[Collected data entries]
theorem mainTheorem11:
  fixes GA :: "nat \<Rightarrow> 'a graph" and GB :: "nat \<Rightarrow> 'b graph"
  shows "(bi_iteratively_constructible GA \<and> bi_iteratively_constructible GB \<longrightarrow>
            bi_iteratively_constructible (\<lambda>n. disjoint_union (GA n) (GB n))) \<and>
         (iteratively_constructible GA \<and> iteratively_constructible GB \<longrightarrow>
            iteratively_constructible (\<lambda>n. disjoint_union (GA n) (GB n)))"
  using bi_iteratively_constructible_disjoint_union iteratively_constructible_disjoint_union
  by blast

end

Exercise details.
Every line above must be repeated exactly as it appears.

Solution.
theorem mainTheorem11:
  fixes GA :: "nat \<Rightarrow> 'a graph" and GB :: "nat \<Rightarrow> 'b graph"
  shows "(bi_iteratively_constructible GA \<and> bi_iteratively_constructible GB \<longrightarrow>
            bi_iteratively_constructible (\<lambda>n. disjoint_union (GA n) (GB n))) \<and>
         (iteratively_constructible GA \<and> iteratively_constructible GB \<longrightarrow>
            iteratively_constructible (\<lambda>n. disjoint_union (GA n) (GB n)))"
  using bi_iteratively_constructible_disjoint_union iteratively_constructible_disjoint_union
  by blast

end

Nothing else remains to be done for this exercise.